When the statuses of progression of the cases at the end of a year are observed, it has been determined that in the cases whose NLR and PET/CT LAP SUVmax values were high and the DLCO% value was low, statistically significantly higher rate of progression was observed (p<0.05) (Table 3). For predicting the progression, for the NLR cut-off value 3.20, the area under the curve was determined as 0.79 (CI 62.2-96.5), sensitivity as 80.0%, specificity as 76.7%. ROC curve for NLR is shown in figure 3. For predicting the progression, for the PET/CT SUVmax cut-off value 9.5, the area under the curve was determined as 0.71 (CI 46.6-95.9), sensitivity as 70.0%, specificity as 82.1%. ROC curve for PET/CT SUVmax is shown in figure 4.
Table 3.
The association between pulmonary function tests, laboratory parameters, PET/CT findings and progression at the end of a 1-year follow-up
| Progression present (n=10) | Progression absent (n=30) | P | |
| Laboratory Findings | |||
| NLR | 6.1 (±5.0) | 2.7 (±1.0) | =0.001 |
| RDW (fl) | 14.9 (±2.2) | 15.2 (±2.1) | >0.05 |
| MPV (fl) | 8.3 (±0.9) | 8.3 (±0.9) | >0.05 |
| Hemoglobin (gr/dL) | 13.3 (±1.9) | 13.0 (±1.4) | >0.05 |
| ESR (mm/H) | 28.7 (±15.5) | 30.3 (±22.8) | >0.05 |
| ACE (U/L) | 55.9 (±36.7) | 59.4 (±48.7) | >0.05 |
| Calcium (mEq/L) | 9.6 (±0.4) | 9.4 (±0.6) | >0.05 |
| Pulmonary Function Test, | |||
| FEV1 (lt) | 2.25 (±0.33) | 2.19 (±0.39) | >0.05 |
| FEV1% | 81.7 (±7.1) | 80.8 (±6.1) | >0.05 |
| FVC (lt) | 2.84 (±0.45) | 2.67 (±0.63) | >0.05 |
| FVC% | 84.2 (±10.3) | 87.5 (±16.5) | >0.05 |
| FEV1/FVC | 76.6 (±6.0) | 80.2 (±8.2) | >0.05 |
| DLCO ml/mmHg/min | 14.5 (±6.4) | 17.6 (±3.8) | >0.05 |
| DLCO% | 59.8 (±21.5) | 73.3 (±13.9) | =0.02 |
| DLCO/VA | 4.02 (±0.99) | 4.13 (±0.93) | >0.05 |
| DLCO/VA% | 85.0 (±18.8) | 85.2 (±18.1) | >0.05 |
| PET/CT SUV, mean (SD) | |||
| Lymph node PET/CT SUVmax | 13.4 (±8.4) | 7.5 (±3.4) | =0.04 |
| Lung parenchyma PET/CT SUVmax | 3.0 (±0.6) | 3.2 (±1.7) | >0.05 |
NLR, neutrophil-to-lymphocyte ratio.

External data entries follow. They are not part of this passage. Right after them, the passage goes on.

(* Let $N$ and $n$ be positive integers with $N \le n$, and let $\pi \in S_n$ be a permutation of $\{1,2,\dots,n\}$ such that every cycle of $\pi$ (in its disjoint cycle decomposition, fixed points counted as $1$-cycles) contains at most one element $i$ with $i > N$. Write the cycle type of $\pi$ as a partition $\lambda = (\lambda_1,\dots,\lambda_m,1,\dots,1) \vdash n$, where $\lambda_1 \ge \lambda_2 \ge \dots \ge \lambda_m > 1$ are the lengths of the cycles of $\pi$ of length greater than $1$, and the remaining parts equal to $1$ correspond to the fixed points of $\pi$. Then \[ \sum_{i=1}^{m} \lambda_i \le m + N. \]
   Context: In the paper's setting, $N$ is the number of keywords in a keyword query $q=\{k_1,\dots,k_N\}$ and $n=|V_D|$ is the size of the vocabulary of a relational database $D$ (the set of its relation names, attributes and attribute domains). A configuration of $q$ on $D$ (an injective map from keywords to database terms) is identified with a permutation $\pi\in S_{|V_D|}$ in which each cycle contains at most one element of value bigger than $N$; the claim concerns such permutations. The cycle type of a permutation is the partition of $n$ formed by the lengths of its cycles listed in weakly decreasing order. *)

theory Defs
  imports "HOL-Combinatorics.Permutations" "HOL-Combinatorics.Orbits" "HOL-Library.Multiset"
begin

definition cycles_of :: "(nat \<Rightarrow> nat) \<Rightarrow> nat \<Rightarrow> nat set set" where
  "cycles_of pi n = (\<lambda>x. orbit pi x) ` {1..n}"

definition cycle_type :: "(nat \<Rightarrow> nat) \<Rightarrow> nat \<Rightarrow> nat multiset" where
  "cycle_type pi n = image_mset card (mset_set (cycles_of pi n))"

end

theory Submission
  imports Defs
begin

text \<open>Each nontrivial cycle has at most one point above N, so its length exceeds by at most one the
  number of its points in {1..N}. The cycles are disjoint, so these points are distinct for different
  cycles and there are at most N of them altogether.\<close>

lemma sum_card_le_card_add_card_outside:
  assumes "finite F" and "finite A" and "pairwise disjnt F"
    and "\<And>c. c \<in> F \<Longrightarrow> card (c - A) \<le> 1"
  shows "(\<Sum>c\<in>F. card c) \<le> card F + card A"
proof -
  have card_le: "card c \<le> 1 + card (c \<inter> A)" if "c \<in> F" for c
  proof (cases "finite c")
    case True
    then have "card c = card (c - A) + card (c \<inter> A)"
      by (simp add: card_Int_Diff[of c A])
    with assms(4)[OF that] show ?thesis by linarith
  qed simp
  have "(\<Sum>c\<in>F. card c) \<le> (\<Sum>c\<in>F. 1 + card (c \<inter> A))"
    by (rule sum_mono) (rule card_le)
  also have "\<dots> = card F + (\<Sum>c\<in>F. card (c \<inter> A))"
    by (subst sum.distrib) simp
  also have "(\<Sum>c\<in>F. card (c \<inter> A)) = card (\<Union>c\<in>F. c \<inter> A)"
    using assms(1-3) by (intro card_UN_disjoint[symmetric]) (auto simp: pairwise_def disjnt_def)
  also have "\<dots> \<le> card A"
    using assms(2) by (intro card_mono) auto
  finally show ?thesis by simp
qed

lemma orbit_eq_if_orbits_meet:
  assumes "permutation f" and "orbit f x \<inter> orbit f y \<noteq> {}"
  shows "orbit f x = orbit f y"
proof -
  note orbit_of_member = orbit_cyclic_eq3[OF cyclic_on_orbit'[OF assms(1)]]
  obtain z where "z \<in> orbit f x" "z \<in> orbit f y"
    using assms(2) by blast
  have "orbit f x = orbit f z"
    using \<open>z \<in> orbit f x\<close> by (rule orbit_of_member[symmetric])
  also have "\<dots> = orbit f y"
    using \<open>z \<in> orbit f y\<close> by (rule orbit_of_member)
  finally show ?thesis .
qed

lemma pairwise_disjnt_cycles_of:
  assumes "pi permutes {1..n}"
  shows "pairwise disjnt (cycles_of pi n)"
proof (rule pairwiseI)
  have "permutation pi"
    using assms by (auto simp: permutation_permutes)
  fix c d
  assume "c \<in> cycles_of pi n" "d \<in> cycles_of pi n" "c \<noteq> d"
  then obtain x y where c: "c = orbit pi x" and d: "d = orbit pi y"
    unfolding cycles_of_def by blast
  show "disjnt c d"
    using orbit_eq_if_orbits_meet[OF \<open>permutation pi\<close>, of x y] \<open>c \<noteq> d\<close>
    unfolding c d disjnt_def by blast
qed

lemma cycles_of_subset:
  assumes "pi permutes {1..n}" and "c \<in> cycles_of pi n"
  shows "c \<subseteq> {1..n}"
proof -
  obtain x where "x \<in> {1..n}" and "c = orbit pi x"
    using assms(2) unfolding cycles_of_def by blast
  then show ?thesis
    using permutes_orbit_subset[OF assms(1)] by simp
qed

lemma filter_cycle_type:
  "filter_mset P (cycle_type pi n) = image_mset card (mset_set {c \<in> cycles_of pi n. P (card c)})"
proof -
  have "finite (cycles_of pi n)"
    by (simp add: cycles_of_def)
  then show ?thesis
    by (simp add: cycle_type_def image_mset_filter_mset_swap[symmetric] filter_mset_mset_set)
qed

theorem mainTheorem1:
  fixes N n :: nat and pi :: "nat \<Rightarrow> nat"
  assumes "0 < N" and "N \<le> n"
    and "pi permutes {1..n}"
    and "\<forall>c \<in> cycles_of pi n. card {i \<in> c. N < i} \<le> 1"
  shows "sum_mset (filter_mset (\<lambda>l. 1 < l) (cycle_type pi n))
           \<le> size (filter_mset (\<lambda>l. 1 < l) (cycle_type pi n)) + N"
proof -
  define S where "S = {c \<in> cycles_of pi n. 1 < card c}"
  have "finite S"
    by (simp add: S_def cycles_of_def)
  moreover have "pairwise disjnt S"
    using pairwise_disjnt_cycles_of[OF assms(3)] by (simp add: S_def pairwise_def)
  moreover have "card (c - {1..N}) \<le> 1" if "c \<in> S" for c
  proof -
    have "c - {1..N} = {i \<in> c. N < i}"
      using cycles_of_subset[OF assms(3)] that by (fastforce simp: S_def)
    then show ?thesis
      using assms(4) that by (simp add: S_def)
  qed
  ultimately have "(\<Sum>c\<in>S. card c) \<le> card S + N"
    using sum_card_le_card_add_card_outside[of S "{1..N}"] by simp
  moreover have "filter_mset (\<lambda>l. 1 < l) (cycle_type pi n) = image_mset card (mset_set S)"
    by (simp only: filter_cycle_type S_def)
  ultimately show ?thesis
    by (simp only: sum_unfold_sum_mset[symmetric] size_image_mset size_mset_set)
qed

end
(* If a Banach space $X$ has a seminormalized quasisubsymmetric (Schauder) basis, then $\ell_\infty$ embeds isomorphically into $\mathcal{L}(X)$.
   Context: $\mathcal{L}(X)$ is the space of all bounded linear operators on $X$ with the operator norm. A sequence $(e_n)$ is seminormalized if $0<\inf_n\|e_n\|\le\sup_n\|e_n\|<\infty$. For basic sequences, $(x_n)$ dominates $(y_n)$ if there is $C>0$ with $\|\sum a_ny_n\|\le C\|\sum a_nx_n\|$ for all finitely supported scalar sequences $(a_n)$. A basic sequence $(e_n)$ is quasisubsymmetric if for any two increasing sequences $(k_n)$ and $(\ell_n)$ of positive integers with $k_n\le\ell_n$ for all $n$, $(e_{k_n})$ dominates $(e_{\ell_n})$. *)

theory Defs
  imports "HOL-Analysis.Analysis"
begin

definition schauder_basis :: "(nat \<Rightarrow> 'a::real_normed_vector) \<Rightarrow> bool" where
  "schauder_basis e \<longleftrightarrow> (\<forall>x. \<exists>!a::nat \<Rightarrow> real. (\<lambda>n. a n *\<^sub>R e n) sums x)"

definition seminormalized :: "(nat \<Rightarrow> 'a::real_normed_vector) \<Rightarrow> bool" where
  "seminormalized e \<longleftrightarrow> (\<exists>c C. 0 < c \<and> (\<forall>n. c \<le> norm (e n) \<and> norm (e n) \<le> C))"

text \<open>(x n) dominates (y n): for all finitely supported scalar sequences
  (here: supported in some initial segment {..<N}) the norm inequality holds.\<close>
definition dominates :: "(nat \<Rightarrow> 'a::real_normed_vector) \<Rightarrow> (nat \<Rightarrow> 'a) \<Rightarrow> bool" where
  "dominates x y \<longleftrightarrow> (\<exists>C>0. \<forall>(a::nat \<Rightarrow> real) N.
      norm (\<Sum>n<N. a n *\<^sub>R y n) \<le> C * norm (\<Sum>n<N. a n *\<^sub>R x n))"

definition quasisubsymmetric :: "(nat \<Rightarrow> 'a::real_normed_vector) \<Rightarrow> bool" where
  "quasisubsymmetric e \<longleftrightarrow> (\<forall>k l :: nat \<Rightarrow> nat.
      strict_mono k \<and> strict_mono l \<and> (\<forall>n. k n \<le> l n) \<longrightarrow> dominates (e \<circ> k) (e \<circ> l))"

definition isomorphic_embedding :: "('a::real_normed_vector \<Rightarrow> 'b::real_normed_vector) \<Rightarrow> bool" where
  "isomorphic_embedding T \<longleftrightarrow> bounded_linear T \<and> (\<exists>c>0. \<forall>x. c * norm x \<le> norm (T x))"

end

theory Submission
  imports Defs
begin

text \<open>
  Quasisubsymmetry makes the basis \<open>(e\<^sub>n)\<close> dominate its right shift, so the shift extends
  to a bounded operator. A limit of \<open>(e\<^sub>n)\<close> would be a fixed point of that operator, and
  comparing coefficients forces it to be \<open>0\<close>; as the basis is seminormalized, \<open>(e\<^sub>n)\<close> is
  therefore not Cauchy, which yields interlaced indices \<open>p\<^sub>n < q\<^sub>n < p\<^sub>n\<^sub>+\<^sub>1\<close> with
  \<open>\<parallel>e(q\<^sub>n) - e(p\<^sub>n)\<parallel> \<ge> \<delta>\<close>. For \<open>A \<subseteq> \<nat>\<close>, the sequence \<open>d\<^sub>n = 1\<^sub>A(n) (e(q\<^sub>n) - e(p\<^sub>n))\<close> is the
  difference of two subsequences of \<open>(e\<^sub>n)\<close>, hence dominated by \<open>(e\<^sub>n)\<close>. A gliding hump
  argument makes the domination constant independent of \<open>A\<close>, and convexity extends it to
  all multipliers \<open>t \<in> \<ell>\<^sub>\<infinity>\<close>. The operators \<open>T t : e\<^sub>n \<mapsto> t\<^sub>n (e(q\<^sub>n) - e(p\<^sub>n))\<close> then depend
  linearly and boundedly on \<open>t\<close>, and \<open>\<parallel>T t e\<^sub>n\<parallel> \<ge> \<delta> \<bar>t\<^sub>n\<bar>\<close> bounds \<open>T\<close> from below.
\<close>

definition schauder_coeff :: "(nat \<Rightarrow> 'a::real_normed_vector) \<Rightarrow> 'a \<Rightarrow> nat \<Rightarrow> real" where
  "schauder_coeff e x = (THE a. (\<lambda>n. a n *\<^sub>R e n) sums x)"

lemma schauder_basis_ex1: "schauder_basis e \<Longrightarrow> \<exists>!a. (\<lambda>n. a n *\<^sub>R e n) sums x"
  unfolding schauder_basis_def by blast

lemma schauder_coeff_sums:
  "schauder_basis e \<Longrightarrow> (\<lambda>n. schauder_coeff e x n *\<^sub>R e n) sums x"
  unfolding schauder_coeff_def by (rule theI'[OF schauder_basis_ex1])

lemma schauder_coeff_unique:
  "schauder_basis e \<Longrightarrow> (\<lambda>n. a n *\<^sub>R e n) sums x \<Longrightarrow> schauder_coeff e x = a"
  unfolding schauder_coeff_def by (rule the1_equality[OF schauder_basis_ex1])

lemma schauder_coeff_add:
  assumes b: "schauder_basis e"
  shows "schauder_coeff e (x + y) = (\<lambda>n. schauder_coeff e x n + schauder_coeff e y n)"
proof (rule schauder_coeff_unique[OF b])
  show "(\<lambda>n. (schauder_coeff e x n + schauder_coeff e y n) *\<^sub>R e n) sums (x + y)"
    using sums_add[OF schauder_coeff_sums[OF b, of x] schauder_coeff_sums[OF b, of y]]
    by (simp add: scaleR_add_left)
qed

lemma schauder_coeff_scaleR:
  assumes b: "schauder_basis e"
  shows "schauder_coeff e (r *\<^sub>R x) = (\<lambda>n. r * schauder_coeff e x n)"
proof (rule schauder_coeff_unique[OF b])
  show "(\<lambda>n. (r * schauder_coeff e x n) *\<^sub>R e n) sums (r *\<^sub>R x)"
    using sums_scaleR_right[OF schauder_coeff_sums[OF b, of x], of r] by simp
qed

lemma schauder_coeff_basis:
  assumes b: "schauder_basis e"
  shows "schauder_coeff e (e m) = (\<lambda>n. if n = m then 1 else 0)"
proof (rule schauder_coeff_unique[OF b])
  have "(\<lambda>n. (if n = m then 1 else 0) *\<^sub>R e n) = (\<lambda>n. if n = m then e m else 0)"
    by auto
  then show "(\<lambda>n. (if n = m then 1 else 0) *\<^sub>R e n) sums e m"
    using sums_single[of m "\<lambda>_. e m"] by simp
qed

definition dominates_with ::
    "(nat \<Rightarrow> 'a::real_normed_vector) \<Rightarrow> (nat \<Rightarrow> 'b::real_normed_vector) \<Rightarrow> real \<Rightarrow> bool" where
  "dominates_with x y C \<longleftrightarrow>
     (\<forall>(a::nat \<Rightarrow> real) N. norm (\<Sum>n<N. a n *\<^sub>R y n) \<le> C * norm (\<Sum>n<N. a n *\<^sub>R x n))"

lemma dominates_iff_dominates_with: "dominates x y \<longleftrightarrow> (\<exists>C>0. dominates_with x y C)"
  by (simp only: dominates_def dominates_with_def)

lemma dominates_withD:
  "dominates_with x y C \<Longrightarrow> norm (\<Sum>n<N. a n *\<^sub>R y n) \<le> C * norm (\<Sum>n<N. a n *\<^sub>R x n)"
  unfolding dominates_with_def by blast

lemma dominates_with_mono:
  assumes "dominates_with x y C" and "C \<le> C'"
  shows "dominates_with x y C'"
  unfolding dominates_with_def
proof (intro allI)
  fix a :: "nat \<Rightarrow> real" and N
  have "C * norm (\<Sum>n<N. a n *\<^sub>R x n) \<le> C' * norm (\<Sum>n<N. a n *\<^sub>R x n)"
    using assms(2) by (rule mult_right_mono) simp
  then show "norm (\<Sum>n<N. a n *\<^sub>R y n) \<le> C' * norm (\<Sum>n<N. a n *\<^sub>R x n)"
    using dominates_withD[OF assms(1)] by (rule order_trans[rotated])
qed

lemma dominates_with_add:
  assumes "dominates_with x y C" and "dominates_with x z D"
  shows "dominates_with x (\<lambda>n. y n + z n) (C + D)"
  unfolding dominates_with_def
proof (intro allI)
  fix a :: "nat \<Rightarrow> real" and N
  have "norm (\<Sum>n<N. a n *\<^sub>R (y n + z n)) \<le> norm (\<Sum>n<N. a n *\<^sub>R y n) + norm (\<Sum>n<N. a n *\<^sub>R z n)"
    by (simp add: scaleR_add_right sum.distrib norm_triangle_ineq)
  also have "\<dots> \<le> (C + D) * norm (\<Sum>n<N. a n *\<^sub>R x n)"
    using dominates_withD[OF assms(1)] dominates_withD[OF assms(2)] by (simp add: distrib_right add_mono)
  finally show "norm (\<Sum>n<N. a n *\<^sub>R (y n + z n)) \<le> (C + D) * norm (\<Sum>n<N. a n *\<^sub>R x n)" .
qed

MPV, mean platelet volume (fl)=[platelet crit(%)/platelet count (×109/l)] × 105. ACE, angiotensin converting enzyme. FEV1, forced expiratory volume in 1 s. FVC, forced vital capacity. DLCO, diffusing capacity of lung. DLCO/VA, diffusing capacity divided by the alveolar volume. PET/CT SUVmax, Positron Emission Tomography - Computed Tomography Maximum Standardized Uptake Value.
Data are expressed as mean±standard deviation.
Fig. 3.
Receiver operator characteristic curve showing specificity and sensitivity percentages of NLR for disease progression. Area under the curve 0.79, NLR cut-off value 3.20, sensitivity 80.0 % and specificity 76.7%
Fig. 4.
Receiver operator characteristic curve showing specificity and sensitivity percentages of PET/CT SUVmax value for disease progression. Area under the curve 0.71, of PET/CT SUVmax cut-off value 9.5, sensitivity 70.0 % and specificity 82.1%
Discussion
Various serological inflammatory markers that may indicate the disease activity in sarcoidosis have been searched. It has been shown that the neopterin and soluble interleukin-2 receptor (SIL-2) levels might rise in progressive and active diseases. However, the sensitivity and specificity of these tests are not in ideal. It has been mentioned that more valuable data can be achieved with the addition of PET/CT findings to these tests (19, 20).
However, there is no gold standard test in sarcoidosis showing the active inflammation. In this study, we searched the correlation of hematological parameters and PET/CT findings which may show active inflammation in sarcoidosis, with the pulmonary function test parameters and clinical outcome.
In the previous studies, it has been determined that the PET/CT can show active inflammation in patients with sarcoidosis. Therefore, with respect to the disease activity, although the serum ACE level was mostly determined high in cases having PET/CT involvement compared to the cases without the involvement, the correlation of PET/CT findings with the serum ACE levels could not be revealed clearly (17, 21, 22). According to our information, the correlation between the PET/CT findings and the hematological parameters (NLR, RDW, MPV) has not been studied previously. In our study, no significant correlation has been determined between the lung parenchyma involvement and mediastinal lymph node SUVmax values in PET/CT, between the hematological parameters and serum ACE levels.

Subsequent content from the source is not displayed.